Smoked Salmon Flan with Oysters

Smoked Salmon Flan with Oysters

Serves: 6


  • 1/4 pound of sliced smoked salmon

  • 6 shucked Blue Point oysters

  • 2 ounces Ossetra caviar

  • 1 large egg

  • 1 cup heavy cream

  • 1 cup half-and-half

  • 1/8 teaspoon lemon oil

  • 3 tablespoons of unsalted butter

  • 1 finely diced small yellow onion

  • 3 minced fresh chives

  • 1 peeled and finely diced small carrot

  • 1 peeled and finely diced celery stalk

  • Unsalted butter for greasing ramekins


  1. Melt 1 teaspoon of butter over low heat in a small saute pan.

  2. Add the celery, carrot and onion and sweat until just tender for around 5 to 7 minutes.

  3. Remove from the heat and set aside.

  4. In a small saucepan, place the 3 tablespoons of water bring to a simmer over low heat.

  5. Whisk in 3 tablespoons of butter until completely incorporated.

  6. Warm the oysters by slipping them into the mixture.
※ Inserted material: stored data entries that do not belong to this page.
text \<open>core_step w k n is the set K^{n+1}_k(w) of the paper.\<close>
primrec core_step :: "(real \<Rightarrow> real \<Rightarrow> real) \<Rightarrow> real \<Rightarrow> nat \<Rightarrow> real set" where
  "core_step w k 0 = {x \<in> {0..1}. gdeg w {0..1} x \<ge> k}"
| "core_step w k (Suc n) = {x \<in> core_step w k n. gdeg w (core_step w k n) x \<ge> k}"

definition kcore :: "(real \<Rightarrow> real \<Rightarrow> real) \<Rightarrow> real \<Rightarrow> real set" where
  "kcore w k = (\<Inter>n. core_step w k n)"

definition shell_index :: "(real \<Rightarrow> real \<Rightarrow> real) \<Rightarrow> real \<Rightarrow> real" where
  "shell_index w x = Sup {k \<in> {0..1}. x \<in> kcore w k}"

definition degeneracy :: "(real \<Rightarrow> real \<Rightarrow> real) \<Rightarrow> real" where
  "degeneracy w = Sup {k \<in> {0..1}. measure lebesgue (kcore w k) > 0}"

end

theory Submission
  imports Defs
begin

text \<open>The \<kappa>-cores decrease in \<kappa> and are left-continuous,
  K_\<kappa> = \<Inter>_{k<\<kappa>} K_k: at each level n this is monotone convergence of the degrees into K^n_k
  as k increases to \<kappa>, which needs every K^n_k to be measurable, i.e. degree functions to be
  measurable (Fubini for the completed product measure). Left-continuity makes
  {\<kappa>. x \<in> K_\<kappa>} a closed interval [0, \<delta>_x(w)]. A point of K_\<kappa> has degree at least \<kappa> into
  every K^n_\<kappa>, so a nonempty \<kappa>-core has measure at least \<kappa>. Hence nonempty and
  positive-measure cores coincide, and continuity of measure along k_j increasing to \<delta>(w)
  gives |K_\<delta>(w)| \<ge> \<delta>(w).\<close>

lemma graphon_range:
  assumes "graphon w" "x \<in> {0..1}" "y \<in> {0..1}"
  shows "0 \<le> w x y" "w x y \<le> 1"
  using assms unfolding graphon_def by auto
  7. Let heat through for about 1 minute. Do not overcook. Add the prepared vegetables.

  8. Preheat the oven to 275 degrees F.

  9. Cut the salmon slices into 1 inch squares.

  10. Fit the food grinder attachment of a stand mixer with the fine disk and grind the salmon. Chopped the salmon into fine dice if not with a food grinder.

  11. In a food processor, combine the salmon, heavy cream, half and half, egg and lemon oil. Pulse until completely smooth.

  12. Pass 3 times through a tamis (a fine-mesh, drum-shaped sieve) or other fine sieve.

  13. Lightly butter six 3-ounce ovenproof ramekins.

  14. Fill the ramekins three-fourths full with the flan mixture.

  15. Assemble a bain-marie (water bath) by placing the ramekins in a rectangular baking dish, and then pour boiling water to a depth of 1 inch in the dish.

  16. Bake until set, around 25 to 30 minutes.

  17. Remove the ramekins from the bain-marie and let cool.

  18. Carefully unmold each flan onto a plate.

  19. Top each flan with a warmed oyster and a teaspoon of the vegetables.

  20. Garnish with the caviar and chives.